Kamis, 04 Juni 2026 | 07:58
NEWS

Tiga Tersangka Korupsi Fasilitas Kredit BNI di Jember Ditahan, Kerugian Negara Capai Rp 125 Miliar

Tiga Tersangka Korupsi Fasilitas Kredit BNI di Jember Ditahan, Kerugian Negara Capai Rp 125 Miliar
Tiga tersangka jorupsi fasilitas kredit BNI di Jember (Dok Kejati-jatim)

ASKARA – Tim penyidik Kejaksaan Tinggi Jawa Timur menetapkan tiga orang tersangka dalam kasus dugaan tindak pidana korupsi terkait pemberian fasilitas kredit BNI Wirausaha (BWU) oleh PT Bank Negara Indonesia (BNI) Kantor Cabang Jember melalui Koperasi Simpan Pinjam Mitra Usaha Mandiri Semboro (KSP MUMS) pada periode 2021 hingga 2023. Ketiga tersangka adalah Ketua KSP MUMS, Saptadi (SD), Manager KSP MUMS, Ika Anjarsari Ningrum (IAN), dan Kepala Cabang BNI Jember 2018-2023, MFH. Kerugian negara dalam kasus ini mencapai Rp 125.980.889.350.

"Penyidik melakukan penahanan terhadap ketiga tersangka selama 20 hari ke depan, mulai 9 Oktober hingga 28 Oktober 2024 di Cabang Rutan Kelas I Surabaya," kata Kepala Kejaksaan Tinggi (Kajati) Jatim, Dr. Mia Amiati, SH, MH, CMA, CSS, seperti ditungkil dari laman kejati-jatim.go.id, Jumat (11/10).

Kasus ini berawal dari pengajuan fasilitas kredit BWU oleh KSP MUMS yang mengatasnamakan petani tebu di wilayah Jember dan Bondowoso. Kredit tersebut dikhususkan bagi petani tebu yang bermitra dengan Pabrik Gula Semboro. Namun, pengajuan kredit dilakukan secara tidak sesuai dengan aturan, di mana lahan kelolaan yang diajukan ternyata fiktif, dan beberapa petani tebu yang diajukan tidak memiliki lahan atau bahkan bukan petani tebu.

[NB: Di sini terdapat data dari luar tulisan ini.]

lemma colouring_insert_unique:
  assumes C: "colouring d A C" and C': "colouring d (insert x A) C'"
    and ext: "extends_col d C C'" and x: "x \<notin> A" "c \<in> {1..d}" "x \<in> C' c"
    and i: "i \<in> {1..d}"
  shows "C' i = (C(c := insert x (C c))) i"
proof -
  have "C' i \<subseteq> C i \<union> {x}"
  proof
    fix y assume y: "y \<in> C' i"
    show "y \<in> C i \<union> {x}"
    proof (cases "y = x")
      case False
      then have "y \<in> A"
        using colouring_subset[OF C' i] y by blast
      then obtain k where k: "k \<in> {1..d}" "y \<in> C k"
        using C by (auto simp: colouring_def)
      moreover have "y \<in> C' k"
        using ext k by (auto simp: extends_col_def)
      ultimately have "k = i"
        using y colouring_disjoint[OF C' i] by blast
      then show ?thesis
        using k by simp
    qed simp
  qed
  moreover have "C i \<subseteq> C' i"
    using ext i by (simp add: extends_col_def)
  moreover have "x \<in> C' i \<longleftrightarrow> i = c"
    using colouring_disjoint[OF C' i x(2)] x(3) by blast
  moreover have "x \<notin> C i"
    using colouring_subset[OF C i] x(1) by blast
  ultimately show ?thesis
    by auto
qed

lemma colouring_singletons:
  assumes "finite A" "colouring d A C" "card A = d" "\<forall>i\<in>{1..d}. card (C i) \<le> 1"
    and i: "i \<in> {1..d}"
  shows "\<exists>x. C i = {x}"
proof -
  have "card (C i) = 1"
  proof (rule ccontr)
    assume "card (C i) \<noteq> 1"
    then have "card (C i) = 0"
      using assms(4) i by fastforce
    have "d = (\<Sum>k\<in>{1..d}. card (C k))"
      using card_colouring[OF assms(1,2)] assms(3) by simp
    also have "\<dots> = (\<Sum>k\<in>{1..d} - {i}. card (C k))"
      using i \<open>card (C i) = 0\<close> by (simp add: sum.remove)
    also have "\<dots> \<le> (\<Sum>k\<in>{1..d} - {i}. 1)"
      using assms(4) by (intro sum_mono) auto
    also have "\<dots> = d - 1"
      using i by simp
    finally show False
      using i by simp
  qed
  then show ?thesis
    by (simp add: card_1_singleton_iff)
qed

lemma perm_equiv_singleton_colourings:
  assumes C: "colouring d A C" and C': "colouring d A C'"
    and sg: "\<forall>i\<in>{1..d}. \<exists>x. C i = {x}" and sg': "\<forall>i\<in>{1..d}. \<exists>x. C' i = {x}"
  shows "perm_equiv d C C'"
proof -
  have "\<exists>k\<in>{1..d}. C k = C' i" if i: "i \<in> {1..d}" for i
  proof -
    obtain x where x: "C' i = {x}"
      using sg' i by blast
    then have "x \<in> A"
      using colouring_subset[OF C' i] by blast
    then obtain k where k: "k \<in> {1..d}" "x \<in> C k"
      using C by (auto simp: colouring_def)
    then show ?thesis
      using sg x by fastforce
  qed
  then obtain \<sigma> where \<sigma>: "\<And>i. i \<in> {1..d} \<Longrightarrow> \<sigma> i \<in> {1..d} \<and> C (\<sigma> i) = C' i"
    by metis
  have "inj_on \<sigma> {1..d}"
  proof (rule inj_onI)
    fix i i' assume "i \<in> {1..d}" "i' \<in> {1..d}" "\<sigma> i = \<sigma> i'"
    then show "i = i'"
      using \<sigma> sg' colouring_disjoint[OF C'] by (metis inf.idem singleton_insert_inj_eq' insert_not_empty)
  qed
  moreover have "\<sigma> ` {1..d} \<subseteq> {1..d}"
    using \<sigma> by blast
  ultimately have "bij_betw \<sigma> {1..d} {1..d}"
    by (simp add: bij_betw_def endo_inj_surj)
  then show ?thesis
    unfolding perm_equiv_def using \<sigma> by metis
qed

section \<open>Homogeneity at a single interval\<close>

definition homogeneous_at :: "real \<Rightarrow> nat \<Rightarrow> dyadic set \<Rightarrow> (nat \<Rightarrow> dyadic set) \<Rightarrow> dyadic \<Rightarrow> bool" where
  "homogeneous_at \<eta> d A C L \<longleftrightarrow>
     (card (restr A L) > d \<and>
        \<eta> * Max ((\<lambda>i. real (card (restr (C i) L))) ` {1..d})
          \<le> Min ((\<lambda>i. real (card (restr (C i) L))) ` {1..d}))
   \<or> (card (restr A L) \<le> d \<and> (\<forall>i\<in>{1..d}. card (restr (C i) L) \<le> 1))"

lemma homogeneous_iff:
  "homogeneous \<eta> d j A C \<longleftrightarrow> A \<subseteq> Dlev j \<and> colouring d A C \<and>
     (\<forall>L\<in>dyadic_intervals. fst L \<le> j \<longrightarrow> homogeneous_at \<eta> d A C L)"
  by (simp add: homogeneous_def homogeneous_at_def)

lemma homogeneous_at_small:
  "homogeneous_at \<eta> d A C L \<Longrightarrow> card (restr A L) \<le> d \<Longrightarrow> i \<in> {1..d} \<Longrightarrow> card (restr (C i) L) \<le> 1"
  by (auto simp: homogeneous_at_def)

lemma homogeneous_at_if_le_one:
  assumes "finite A" "colouring d A C" "\<forall>i\<in>{1..d}. card (restr (C i) L) \<le> 1"
  shows "homogeneous_at \<eta> d A C L"
proof -
  have "card (restr A L) = (\<Sum>i\<in>{1..d}. card (restr (C i) L))"
    using card_restr_colouring[OF assms(1,2)] .
  also have "\<dots> \<le> (\<Sum>i\<in>{1..d}. 1)"
    using assms(3) by (intro sum_mono) auto
  finally show ?thesis
    using assms(3) by (simp add: homogeneous_at_def)
qed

Dalam proses pengajuan kredit, KSP MUMS meminjam identitas/KTP orang lain untuk memalsukan data calon debitur. Meski demikian, MFH selaku Kepala Cabang BNI Jember tetap menyetujui kredit tersebut. Rencana Kerja Usaha (RKU) yang seharusnya dibuat oleh Pabrik Gula Semboro pun ternyata dipalsukan oleh pengurus KSP MUMS.

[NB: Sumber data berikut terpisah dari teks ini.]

(* Let $r>1$ and $a>1$. There is a constant $c=c(r)$ such that for every $f\in\mathcal{F}_r$, every $s\in[1,a]$, and every $x\in\mathbb{C}^n$, $t>0$ with $$B_c(x,t)\subset B_c(x,at)\subset B_c(0,1),$$ one has $$\sup_{B_c(x,st)} f\le c\log s+\sup_{B_c(x,t)} f .$$
   Context: $B_c(x,\rho)$ denotes the Euclidean ball in $\mathbb{C}^n$ with center $x$ and radius $\rho$. For $r>1$, $\mathcal{F}_r$ is the class of plurisubharmonic functions $f:\mathbb{C}^n\to\mathbb{R}$ with $\sup_{B_c(0,r)}f=0$ and $\sup_{B_c(0,1)}f\ge -1$. *)

theory Defs
  imports "HOL-Analysis.Analysis"
begin

definition upper_semicont :: "('a::topological_space \<Rightarrow> real) \<Rightarrow> bool" where
  "upper_semicont f \<longleftrightarrow> (\<forall>x. \<forall>e>0. eventually (\<lambda>y. f y < f x + e) (at x))"

text \<open>Plurisubharmonic functions f : C^n -> R: upper semicontinuous and satisfying
  the sub-mean value inequality on every complex disc {a + zeta b : |zeta| <= 1},
  i.e. the restriction to every complex line is subharmonic.\<close>
definition psh :: "(complex ^ 'n \<Rightarrow> real) \<Rightarrow> bool" where
  "psh f \<longleftrightarrow> upper_semicont f \<and>
     (\<forall>a b. (\<lambda>\<theta>. f (a + exp (\<i> * of_real \<theta>) *s b)) integrable_on {0..2*pi} \<and>
            f a \<le> (1 / (2*pi)) * integral {0..2*pi} (\<lambda>\<theta>. f (a + exp (\<i> * of_real \<theta>) *s b)))"

text \<open>The class F_r; B_c(x,rho) is the open Euclidean ball, ball x rho.\<close>
definition F_class :: "real \<Rightarrow> (complex ^ 'n \<Rightarrow> real) set" where
  "F_class r = {f. psh f \<and> Sup (f ` ball 0 r) = 0 \<and> Sup (f ` ball 0 1) \<ge> -1}"

end

theory Submission
  imports Defs "HOL-Complex_Analysis.Complex_Analysis"
begin

(* Restricted to a complex line, a plurisubharmonic function is subharmonic, so on spheres
   around x it satisfies Hadamard's three circles inequality: f is bounded by the interpolation,
   linear in log |y - x|, of its bounds on two concentric spheres.  As f <= 0 on B(0,r), applying
   this between the radii t and R = 1 - |x| + (r-1)/2 gives
     sup_{B(x,st)} f <= (1 - log s / log (R/t)) sup_{B(x,t)} f,
   so it remains to bound -sup_{B(x,t)} f by a multiple of log (R/t).  This follows from the same
   inequality once f >= -K at some point within (r-1)/4 of x.  Such a point is produced by a
   Harnack-type chain of boundedly many steps, starting from a point of B(0,1) where f >= -2 and
   losing a factor 4 in the lower bound at each step. *)

section \<open>Circle means\<close>

lemma holomorphic_unit_circle_mean:
  fixes g :: "complex \<Rightarrow> complex"
  assumes holo: "g holomorphic_on ball 0 R" and "1 < R"
  shows "((\<lambda>t. g (cis t)) has_integral (2 * pi * g 0)) {0..2*pi}"
proof -
  have "cball 0 1 \<subseteq> ball (0::complex) R" using \<open>1 < R\<close> by auto
  then have "continuous_on (cball 0 1) g" "g holomorphic_on ball 0 1"
    using holomorphic_on_subset[OF holo] ball_subset_cball
    by (blast intro: holomorphic_on_imp_continuous_on)+
  then have "((\<lambda>u. g u / (u - 0)) has_contour_integral (2 * of_real pi * \<i> * g 0)) (circlepath 0 1)"
    by (intro Cauchy_integral_circlepath) simp_all
  then have "((\<lambda>t. g (cis t) / cis t * \<i> * cis t) has_integral (2 * pi * \<i> * g 0)) {0..2*pi}"
    unfolding circlepath_def by (subst (asm) has_contour_integral_part_circlepath_iff) auto
  then have "((\<lambda>t. (-\<i>) * (\<i> * g (cis t))) has_integral (-\<i>) * (2 * pi * \<i> * g 0)) {0..2*pi}"
    by (intro has_integral_mult_right) (simp add: cis_neq_zero mult.commute)
  then show ?thesis
    by (simp add: algebra_simps)
qed

lemma ln_norm_circle_mean:
  fixes a b :: complex
  assumes "a \<noteq> 0" "cmod b < cmod a"
  shows "((\<lambda>\<theta>. ln (cmod (a + exp (\<i> * of_real \<theta>) * b))) has_integral (2 * pi * ln (cmod a))) {0..2*pi}"
proof -
  define q where "q = b / a"
  define R where "R = 2 / (1 + cmod q)"
  have "cmod q < 1" using assms by (simp add: q_def norm_divide divide_less_eq)
  then have "1 < R" "cmod q * R < 1"
    by (simp_all add: R_def field_simps add_pos_nonneg)
  have Re_pos: "0 < Re (1 + q * u)" if "cmod u < R" for u
  proof -
    have "cmod (q * u) \<le> cmod q * R"
      using that by (simp add: norm_mult mult_left_mono)
    then show ?thesis
      using \<open>cmod q * R < 1\<close> abs_Re_le_cmod[of "q * u"] by simp
  qed
  then have "1 + q * u \<notin> \<real>\<^sub>\<le>\<^sub>0" if "cmod u < R" for u
    using that by (force simp: complex_nonpos_Reals_iff)
  then have "(\<lambda>u. Ln (1 + q * u)) holomorphic_on ball 0 R"
    by (intro holomorphic_intros) auto
  from has_integral_linear[OF holomorphic_unit_circle_mean[OF this \<open>1 < R\<close>] bounded_linear_Re]
  have "((\<lambda>t. Re (Ln (1 + q * cis t))) has_integral 0) {0..2*pi}"
    by (simp add: o_def)
  then have "((\<lambda>t. ln (cmod a) + Re (Ln (1 + q * cis t))) has_integral (2 * pi * ln (cmod a) + 0)) {0..2*pi}"
    by (intro has_integral_add) (use has_integral_const_real[of "ln (cmod a)" 0 "2*pi"] in simp_all)
  moreover have "ln (cmod (a + exp (\<i> * of_real t) * b)) = ln (cmod a) + Re (Ln (1 + q * cis t))" for t
  proof -
    have "a + exp (\<i> * of_real t) * b = a * (1 + q * cis t)"
      using \<open>a \<noteq> 0\<close> by (simp add: q_def cis_conv_exp field_simps)
    moreover have "0 < Re (1 + q * cis t)"
      using Re_pos[of "cis t"] \<open>1 < R\<close> by (metis norm_cis)
    then have "1 + q * cis t \<noteq> 0"
      by (metis less_irrefl zero_complex.sel(1))
    ultimately show ?thesis
      using \<open>a \<noteq> 0\<close> by (simp add: norm_mult ln_mult)
  qed
  ultimately show ?thesis by simp
qed

lemma norm_sq_circle_mean:
  fixes a b :: complex
  shows "((\<lambda>\<theta>. (cmod (a + exp (\<i> * of_real \<theta>) * b))\<^sup>2) has_integral (2 * pi * ((cmod a)\<^sup>2 + (cmod b)\<^sup>2))) {0..2*pi}"
proof -
  have "(\<lambda>u. cnj a * b * u) holomorphic_on ball 0 2"
    by (intro holomorphic_intros)
  from has_integral_linear[OF holomorphic_unit_circle_mean[OF this] bounded_linear_Re]
  have "((\<lambda>t. Re (cnj a * b * cis t)) has_integral 0) {0..2*pi}"
    by (simp add: o_def)
  then have "((\<lambda>t. ((cmod a)\<^sup>2 + (cmod b)\<^sup>2) + 2 * Re (cnj a * b * cis t))
               has_integral (2 * pi * ((cmod a)\<^sup>2 + (cmod b)\<^sup>2) + 2 * 0)) {0..2*pi}"
    by (intro has_integral_add has_integral_mult_right)
      (use has_integral_const_real[of "(cmod a)\<^sup>2 + (cmod b)\<^sup>2" 0 "2*pi"] in simp_all)
  moreover have "(cmod (a + exp (\<i> * of_real t) * b))\<^sup>2 = ((cmod a)\<^sup>2 + (cmod b)\<^sup>2) + 2 * Re (cnj a * b * cis t)" for t
  proof -
    have sin_sq: "sin t * sin t = 1 - cos t * cos t"
      using sin_squared_eq[of t] by (simp add: power2_eq_square)
    have "(cmod (a + cis t * b))\<^sup>2 = (Re (a + cis t * b))\<^sup>2 + (Im (a + cis t * b))\<^sup>2"
      by (rule cmod_power2)
    also have "\<dots> = ((cmod a)\<^sup>2 + (cmod b)\<^sup>2) + 2 * Re (cnj a * b * cis t)"
      using cmod_power2[of a] cmod_power2[of b] by (simp add: sin_sq power2_eq_square algebra_simps)
    finally show ?thesis by (simp add: cis_conv_exp)
  qed
  ultimately show ?thesis by simp
qed

definition usc_at :: "('a::topological_space \<Rightarrow> real) \<Rightarrow> 'a \<Rightarrow> bool" where
  "usc_at v z \<longleftrightarrow> (\<forall>e>0. eventually (\<lambda>w. v w < v z + e) (at z))"

lemma upper_semicont_iff_usc_at: "upper_semicont f \<longleftrightarrow> (\<forall>z. usc_at f z)"
  unfolding upper_semicont_def usc_at_def by blast

lemma usc_at_add_continuous:
  assumes "usc_at u z" "continuous (at z) g"
  shows "usc_at (\<lambda>w. u w + g w) z"
  unfolding usc_at_def
proof (intro allI impI)
  fix e :: real assume "e > 0"
  have "eventually (\<lambda>w. u w < u z + e/2) (at z)"
    using assms(1) \<open>e > 0\<close> unfolding usc_at_def by simp
  moreover have "eventually (\<lambda>w. dist (g w) (g z) < e/2) (at z)"
    using assms(2) \<open>e > 0\<close> unfolding continuous_at tendsto_iff by (meson half_gt_zero)
  ultimately show "eventually (\<lambda>w. u w + g w < u z + g z + e) (at z)"
  proof eventually_elim
    case (elim w)
    then have "g w - g z < e/2"
      unfolding dist_real_def by arith
    with elim show ?case by linarith
  qed
qed

lemma usc_at_compose:
  assumes "usc_at f (g z)" "continuous (at z) g"
  shows "usc_at (\<lambda>w. f (g w)) z"
  unfolding usc_at_def
proof (intro allI impI)
  fix e :: real assume "e > 0"
  then have "eventually (\<lambda>y. y \<noteq> g z \<longrightarrow> f y < f (g z) + e) (nhds (g z))"
    using assms(1) unfolding usc_at_def eventually_at_filter by simp
  then have ev: "eventually (\<lambda>y. f y < f (g z) + e) (nhds (g z))"
    by (rule eventually_mono) (use \<open>e > 0\<close> in auto)
  have lim: "filterlim g (nhds (g z)) (at z)"
    using assms(2) by (simp add: continuous_at)
  show "eventually (\<lambda>w. f (g w) < f (g z) + e) (at z)"
    using filterlim_iff[THEN iffD1, OF lim, rule_format, OF ev] by simp
qed

lemma usc_attains_max:
  fixes v :: "'a::topological_space \<Rightarrow> real"
  assumes "compact K" "K \<noteq> {}" and usc: "\<And>z. z \<in> K \<Longrightarrow> usc_at v z"
  shows "\<exists>z\<in>K. \<forall>w\<in>K. v w \<le> v z"
proof (rule ccontr)
  assume "\<not> ?thesis"
  then obtain next_pt where next_pt: "\<And>z. z \<in> K \<Longrightarrow> next_pt z \<in> K \<and> v z < v (next_pt z)"
    by (metis not_le)
  have "\<exists>T. open T \<and> z \<in> T \<and> (\<forall>w\<in>T. v w < v (next_pt z))" if "z \<in> K" for z
  proof -
    have "eventually (\<lambda>w. v w < v z + (v (next_pt z) - v z)) (at z)"
      using usc[OF that] next_pt[OF that] unfolding usc_at_def by (meson diff_gt_0_iff_gt)
    then have "eventually (\<lambda>w. v w < v (next_pt z)) (at z)"
      by simp
    then obtain T where "open T" "z \<in> T" "\<And>w. w \<in> T \<Longrightarrow> w \<noteq> z \<Longrightarrow> v w < v (next_pt z)"
      unfolding eventually_at_topological by auto
    then show ?thesis
      using next_pt[OF that] by (intro exI[of _ T]) auto
  qed
  then obtain T where T: "\<And>z. z \<in> K \<Longrightarrow> open (T z) \<and> z \<in> T z \<and> (\<forall>w\<in>T z. v w < v (next_pt z))"
    by metis
  have "K \<subseteq> (\<Union>z\<in>K. T z)"
    using T by blast
  with compactE_image[OF \<open>compact K\<close> _ this] T
  obtain C where C: "C \<subseteq> K" "finite C" "K \<subseteq> (\<Union>z\<in>C. T z)"
    by blast
  then have "C \<noteq> {}" using \<open>K \<noteq> {}\<close> by blast
  define m where "m = Max ((\<lambda>z. v (next_pt z)) ` C)"
  have "m \<in> (\<lambda>z. v (next_pt z)) ` C"
    unfolding m_def using C(2) \<open>C \<noteq> {}\<close> by (intro Max_in) auto
  then obtain z1 where z1: "z1 \<in> C" "v (next_pt z1) = m"
    by auto
  then have "next_pt z1 \<in> K"
    using next_pt C(1) by blast
  then obtain z2 where z2: "z2 \<in> C" "next_pt z1 \<in> T z2"
    using C(3) by blast
  then have "m < v (next_pt z2)"
    using T[of z2] C(1) z1(2) by blast
  moreover have "v (next_pt z2) \<le> m"
    unfolding m_def using C(2) z2(1) by (intro Max_ge) auto
  ultimately show False by simp
qed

Dana yang cair dari kredit BWU ini kemudian ditarik oleh pengurus KSP MUMS, sementara para debitur yang namanya dipinjam hanya diberi imbalan kecil antara Rp 500.000 hingga Rp 1.000.000. Terdapat dua modus utama yang dilakukan para tersangka, yaitu "kredit topengan" di mana nama debitur dipinjam dan dana dikuasai pihak lain, serta "kredit tempilan" di mana sebagian dana digunakan oleh debitur, dan sebagian lagi oleh pihak lain.

Atas perbuatannya, ketiga tersangka dijerat dengan Pasal 2 Ayat 1 jo Pasal 3 jo Pasal 18 UU Nomor 31 Tahun 1999 tentang Pemberantasan Tindak Pidana Korupsi, sebagaimana telah diubah dengan UU Nomor 20 Tahun 2001, serta Pasal 55 Ayat 1 KUHP.